We can use readline() method to read one line by line. Every time we execute readline(), the program will return the next line. Once it returns all lines, then it will return an empty string thereafter.

In [39]:
res = request.urlopen('http://data.pr4e.org/romeo.txt')
print(res.readline())
print(res.readline())
print(res.readline())
print(res.readline())
print(res.readline())

b'But soft what light through yonder window breaks\n'
b'It is the east and Juliet is the sun\n'
b'Arise fair sun and kill the envious moon\n'
b'Who is already sick and pale with grief\n'
b''


We can use readlines() method to retrieve all lines in one `list` data type. 

In [40]:
import urllib.request as request
res = request.urlopen('http://data.pr4e.org/romeo.txt')
print(res.readlines())


[b'But soft what light through yonder window breaks\n', b'It is the east and Juliet is the sun\n', b'Arise fair sun and kill the envious moon\n', b'Who is already sick and pale with grief\n']

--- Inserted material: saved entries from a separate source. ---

lemma lm_conv_iff_subseq_AE:
  fixes x :: "nat \<Rightarrow> 'a \<Rightarrow> real"
  assumes x: "\<forall>n. x n \<in> Esp M" and f: "f \<in> Esp M"
  shows "lm_conv M UNIV (\<le>) x f \<longleftrightarrow>
    (\<forall>r :: nat \<Rightarrow> nat. strict_mono r \<longrightarrow>
       (\<exists>s :: nat \<Rightarrow> nat. strict_mono s \<and> (AE t in M. (\<lambda>n. x (r (s n)) t) \<longlonglongrightarrow> f t)))"
proof (intro iffI allI impI)
  fix r :: "nat \<Rightarrow> nat" assume "lm_conv M UNIV (\<le>) x f" "strict_mono r"
  then have "lm_conv M UNIV (\<le>) (\<lambda>n. x (r n)) f" by (rule lm_conv_subseq)
  moreover have "\<forall>n\<in>UNIV. x (r n) \<in> Esp M" using x by simp
  ultimately obtain s where "embedded_seq UNIV (\<le>) s" "AE t in M. (\<lambda>n. x (r (s n)) t) \<longlonglongrightarrow> f t"
    using lm_conv_embedded_seq[OF directed_set_nat _ f, of "\<lambda>n. x (r n)"] by auto
  then show "\<exists>s. strict_mono s \<and> (AE t in M. (\<lambda>n. x (r (s n)) t) \<longlonglongrightarrow> f t)"
    using embedded_seq_nat_strict_mono by blast
next
  assume R: "\<forall>r :: nat \<Rightarrow> nat. strict_mono r \<longrightarrow>
    (\<exists>s :: nat \<Rightarrow> nat. strict_mono s \<and> (AE t in M. (\<lambda>n. x (r (s n)) t) \<longlonglongrightarrow> f t))"
  show "lm_conv M UNIV (\<le>) x f"
  proof (rule ccontr)
    assume "\<not> lm_conv M UNIV (\<le>) x f"
    then obtain \<epsilon> \<delta> :: real and B where B: "B \<in> sets M" "emeasure M B < \<infinity>" and "\<epsilon> > 0" "\<delta> > 0"
      and not_ev: "\<not> net_ev UNIV (\<le>) (\<lambda>n. measure M {t\<in>B. \<epsilon> \<le> \<bar>x n t - f t\<bar>} < \<delta>)"
      unfolding lm_conv_def by blast
    define S where "S = {n. \<delta> \<le> measure M {t\<in>B. \<epsilon> \<le> \<bar>x n t - f t\<bar>}}"
    have "infinite S"
      using not_ev unfolding S_def net_ev_def infinite_nat_iff_unbounded_le by (auto simp: not_less)
    then obtain r :: "nat \<Rightarrow> nat" where r: "strict_mono r" "\<And>n. r n \<in> S"
      using infinite_enumerate by blast
    then obtain s where s: "strict_mono s" "AE t in M. (\<lambda>n. x (r (s n)) t) \<longlonglongrightarrow> f t"
      using R by blast
    have "lm_conv M UNIV (\<le>) (\<lambda>n. x (r (s n))) f"
      using x f s(2) by (intro AE_tendsto_imp_lm_conv Esp_borel_measurable) auto
    then obtain n where "measure M {t\<in>B. \<epsilon> \<le> \<bar>x (r (s n)) t - f t\<bar>} < \<delta>"
      using B \<open>\<epsilon> > 0\<close> \<open>\<delta> > 0\<close> unfolding lm_conv_def net_ev_def by blast
    with r(2)[of "s n"] show False by (simp add: S_def)
  qed
qed
(* Let $q>1$ and let $\rho$ be a positive $2\pi$-periodic $C^2$ function with $(\ln\rho)''(t)<\sqrt{q}/(1+\sqrt{q})$ for all $t$; let $y(\theta)=\rho(\theta)(\cos\theta,\sin\theta)^T$, and let $\phi$ be a continuous function on $\mathbb{S}^1$. With the notation in the context, suppose there is a sequence of positive numbers $k_n\to\infty$ such that for every $\eta\in\mathbb{S}^1$ and every integer $N\ge0$, $$\sum_{j,l=1}^2\big(f_\eta^{j,l}\big)^N\frac{\phi(\mathcal{T}_{j,l}\eta+\delta_{l,2}\pi)\,\Psi_\eta^{j,l}}{|\det D^2\psi_\eta^{j,l}|^{1/2}}\,e^{\mathrm{i}\pi\frac{(-1)^l(1-(-1)^j)}{4}+\mathrm{i}k_n\psi_\eta^{j,l}}\longrightarrow0\quad(n\to\infty).$$ Let $\eta\in\mathbb{S}^1$ satisfy $\rho'(\theta_\eta+\pi)=0\neq\rho'(\theta_\eta)$. Then $\phi(\mathcal{T}_{1,1}\eta)=\phi(\mathcal{T}_{2,2}\eta+\pi)=0$. Moreover, $\phi(\theta_\eta)$ and $\phi(\theta_\eta+\pi)$ are either both zero or both nonzero.
   Context: Identify $\mathbb{S}^1$ with $\mathbb{R}/(2\pi\mathbb{Z})$ via $\theta\mapsto(\cos\theta,\sin\theta)^T$; $\theta_\eta$ is the angle of $\eta$, and $x^\perp=(-x_2,x_1)^T$. For $\eta\in\mathbb{S}^1$ and $\xi=(\cos\theta_\xi,\sin\theta_\xi)$: $\psi_\eta(\theta,\theta_\xi)=(\sqrt{q}\eta+\xi)\cdot y(\theta)$, $\Psi_\eta(\theta,\theta_\xi)=-(\sqrt{q}\eta-\xi)\cdot y'(\theta)^\perp$, and $D^2\psi_\eta(\theta,\theta_\xi)=\begin{bmatrix}(\sqrt{q}\eta+\xi)\cdot y''(\theta)&\xi^\perp\cdot y'(\theta)\\ \xi^\perp\cdot y'(\theta)&-\xi\cdot y(\theta)\end{bmatrix}$. For $l\in\{1,2\}$ let $\eta_l=(-1)^{l-1}\eta$, $\theta_q=\arccos(1/\sqrt q)$, $h(\theta)=\frac{\sqrt q\sin\theta}{\sqrt q\cos\theta+1}$; the equation $(\ln\rho)'(\theta)=h(\theta-\theta_{\eta_l})$ has exactly two solutions in $\mathbb{R}/(2\pi\mathbb{Z})$: $\mathcal{T}_{1,l}\eta$ with $\theta-\theta_{\eta_l}\in(\theta_q-\pi,\pi-\theta_q)$ and $\mathcal{T}_{2,l}\eta$ with $\theta-\theta_{\eta_l}\in(\pi-\theta_q,\pi+\theta_q)$ (mod $2\pi$). Set $\{\Psi_\eta^{j,l},\psi_\eta^{j,l},D^2\psi_\eta^{j,l}\}=\{\Psi_\eta,\psi_\eta,D^2\psi_\eta\}(\mathcal{T}_{j,l}\eta,\mathcal{T}_{j,l}\eta+\delta_{l,2}\pi)$ (these determinants are nonzero) and $f_\eta^{j,l}=\rho(\mathcal{T}_{j,l}\eta)\sin(\mathcal{T}_{j,l}\eta-\theta_\eta)$; $\delta_{l,2}$ is the Kronecker delta and $\phi$ is viewed as a function of the angle. *)

theory Defs
  imports "HOL-Analysis.Analysis"
begin
lemma submultisets_eq_image: "submultisets a A = mset ` sorted_sublists a A"
proof
  show "submultisets a A \<subseteq> mset ` sorted_sublists a A"
  proof
    fix M assume "M \<in> submultisets a A"
    then have "sorted_list_of_multiset M \<in> sorted_sublists a A"
      by (auto simp: submultisets_def sorted_sublists_def simp flip: size_mset)
    then show "M \<in> mset ` sorted_sublists a A" by (metis image_eqI mset_sorted_list_of_multiset)
  qed
qed (auto simp: submultisets_def sorted_sublists_def)

lemma inj_on_mset_sorted_sublists: "inj_on mset (sorted_sublists a A)"
  unfolding inj_on_def sorted_sublists_def by (metis mem_Collect_eq properties_for_sort)

lemma finite_submultisets: "finite (submultisets a A)"
  by (simp add: submultisets_eq_image finite_sorted_sublists)

lemma card_stacked_fillings_by_top_row:
  assumes "size A = a + b + k" "0 < b" "0 < k"
  shows "card (stacked_fillings a b k A)
       = (\<Sum>M\<in>submultisets a A. card {S. S \<subseteq> nonminimal_values (A - M) \<and> card S = k})"
proof -
  have "card (stacked_fillings a b k A) = (\<Sum>U\<in>sorted_sublists a A. card (hook_fillings (A - mset U) b k))"
    unfolding stacked_fillings_Sigma
    by (rule card_SigmaI) (auto simp: finite_sorted_sublists finite_hook_fillings)
  also have "\<dots> = (\<Sum>U\<in>sorted_sublists a A. card {S. S \<subseteq> nonminimal_values (A - mset U) \<and> card S = k})"
  proof (rule sum.cong[OF refl])
    fix U assume "U \<in> sorted_sublists a A"
    then have "size (A - mset U) = b + k"
      using assms(1) by (simp add: sorted_sublists_def size_Diff_submset)
    then show "card (hook_fillings (A - mset U) b k)
        = card {S. S \<subseteq> nonminimal_values (A - mset U) \<and> card S = k}"
      using card_hook_fillings assms(2,3) by blast
  qed
  also have "\<dots> = (\<Sum>M\<in>submultisets a A. card {S. S \<subseteq> nonminimal_values (A - M) \<and> card S = k})"
    unfolding submultisets_eq_image
    by (rule sum.reindex[symmetric, OF inj_on_mset_sorted_sublists, unfolded comp_def])
  finally show ?thesis .
qed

In order to parse only strings, we can use decode() method to parse only string. strip() method is used to remove extra lines between strings.

In [41]:
import urllib.request as request
res = request.urlopen('http://data.pr4e.org/romeo.txt')
for line in res:
    print(line.decode().strip())


But soft what light through yonder window breaks
It is the east and Juliet is the sun
Arise fair sun and kill the envious moon
Who is already sick and pale with grief


## Reading binary files using urllib

Similarly, urllib can be used to retrieve a JPG file as well as other image and video files. We can open the URL, retrieve data using read() method, and write to a file.

In [42]:
res = request.urlopen('http://data.pr4e.org/cover3.jpg')
image = res.read()
file = open('cover3.jpg', 'wb')
file.write(image)
file.close()


## Web Scraping

Basically, web scraper would do following tasks:

- Retrieving HTML data from a domain name
- Parsing that data for target information
- Storing the target information
- Moving to another web page to repeat the process 

Instead of retrieving files, we can download the data from the web page as HTML format
 

In [43]:
from urllib.request import urlopen
web_link = 'https://openweathermap.org/'
html = urlopen(web_link)
print(html.read(50))

b"<!DOCTYPE html>\n<html lang='en'>\n    <head>\n      "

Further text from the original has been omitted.